Assignment: All of the data is to be printed again exactly as it appears.

[Items from a data source]

(* Let $(X,\|\cdot\|,\tau)$ be a complete, C-sequential Saks space with mixed topology $\gamma$, and let $(A,D(A))$ be the generator of a $\tau$-bi-continuous semigroup $(T(t))_{t\ge0}$ on $X$. Then the following are equivalent: (a) $(T(t))_{t\ge0}$ is $\gamma$-equicontinuous. (b) There is a directed system $\Gamma_\gamma$ of continuous seminorms generating $\gamma$ such that $(A,D(A))$ is $\Gamma_\gamma$-dissipative.
   Context: $(X,\|\cdot\|)$ is a Banach space and $\tau$ a Hausdorff locally convex topology on $X$ coarser than the norm topology. The mixed topology $\gamma=\gamma(\|\cdot\|,\tau)$ is the finest linear topology on $X$ coinciding with $\tau$ on $\|\cdot\|$-bounded sets with $\tau\subseteq\gamma\subseteq\tau_{\|\cdot\|}$ (Hausdorff locally convex). $(X,\|\cdot\|,\tau)$ is a Saks space if $\tau$ is generated by a directed system $\Gamma_\tau$ of continuous seminorms with $\|x\|=\sup_{p\in\Gamma_\tau}p(x)$ for all $x$; it is complete if $(X,\gamma)$ is complete, and C-sequential if every convex sequentially open subset of $(X,\gamma)$ is open. A $\tau$-bi-continuous semigroup is a family $(T(t))_{t\ge0}$ of bounded operators with $T(0)=\mathrm{id}$, $T(t+s)=T(t)T(s)$, $t\mapsto T(t)x$ $\tau$-continuous for each $x$, $\|T(t)\|\le Me^{\omega t}$ for some $M\ge1$, $\omega\in\mathbb{R}$, and such that for every $\|\cdot\|$-bounded sequence $x_n\to x$ in $\tau$ one has $T(t)(x_n-x)\to0$ in $\tau$ locally uniformly in $t\ge0$. Its generator: $D(A)=\{x:\tau\text{-}\lim_{t\to0+}\frac{T(t)x-x}{t}\text{ exists and }\sup_{t\in(0,1]}\frac{\|T(t)x-x\|}{t}<\infty\}$, $Ax$ this limit. $(T(t))$ is $\gamma$-equicontinuous if, for a directed system $\Gamma$ of continuous seminorms generating $\gamma$, for every $p\in\Gamma$ there are $\tilde p\in\Gamma$, $C\ge0$ with $p(T(t)x)\le C\tilde p(x)$ for all $t\ge0$, $x\in X$. $A$ is $\Gamma_\gamma$-dissipative if $p((\lambda-A)x)\ge\lambda p(x)$ for all $\lambda>0$, $x\in D(A)$, $p\in\Gamma_\gamma$. *)

theory Defs
  imports "HOL-Analysis.Analysis"
begin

Written reply:
(* Let $(X,\|\cdot\|,\tau)$ be a complete, C-sequential Saks space with mixed topology $\gamma$, and let $(A,D(A))$ be the generator of a $\tau$-bi-continuous semigroup $(T(t))_{t\ge0}$ on $X$. Then the following are equivalent: (a) $(T(t))_{t\ge0}$ is $\gamma$-equicontinuous. (b) There is a directed system $\Gamma_\gamma$ of continuous seminorms generating $\gamma$ such that $(A,D(A))$ is $\Gamma_\gamma$-dissipative.
   Context: $(X,\|\cdot\|)$ is a Banach space and $\tau$ a Hausdorff locally convex topology on $X$ coarser than the norm topology. The mixed topology $\gamma=\gamma(\|\cdot\|,\tau)$ is the finest linear topology on $X$ coinciding with $\tau$ on $\|\cdot\|$-bounded sets with $\tau\subseteq\gamma\subseteq\tau_{\|\cdot\|}$ (Hausdorff locally convex). $(X,\|\cdot\|,\tau)$ is a Saks space if $\tau$ is generated by a directed system $\Gamma_\tau$ of continuous seminorms with $\|x\|=\sup_{p\in\Gamma_\tau}p(x)$ for all $x$; it is complete if $(X,\gamma)$ is complete, and C-sequential if every convex sequentially open subset of $(X,\gamma)$ is open. A $\tau$-bi-continuous semigroup is a family $(T(t))_{t\ge0}$ of bounded operators with $T(0)=\mathrm{id}$, $T(t+s)=T(t)T(s)$, $t\mapsto T(t)x$ $\tau$-continuous for each $x$, $\|T(t)\|\le Me^{\omega t}$ for some $M\ge1$, $\omega\in\mathbb{R}$, and such that for every $\|\cdot\|$-bounded sequence $x_n\to x$ in $\tau$ one has $T(t)(x_n-x)\to0$ in $\tau$ locally uniformly in $t\ge0$. Its generator: $D(A)=\{x:\tau\text{-}\lim_{t\to0+}\frac{T(t)x-x}{t}\text{ exists and }\sup_{t\in(0,1]}\frac{\|T(t)x-x\|}{t}<\infty\}$, $Ax$ this limit. $(T(t))$ is $\gamma$-equicontinuous if, for a directed system $\Gamma$ of continuous seminorms generating $\gamma$, for every $p\in\Gamma$ there are $\tilde p\in\Gamma$, $C\ge0$ with $p(T(t)x)\le C\tilde p(x)$ for all $t\ge0$, $x\in X$. $A$ is $\Gamma_\gamma$-dissipative if $p((\lambda-A)x)\ge\lambda p(x)$ for all $\lambda>0$, $x\in D(A)$, $p\in\Gamma_\gamma$. *)

theory Defs
  imports "HOL-Analysis.Analysis"
begin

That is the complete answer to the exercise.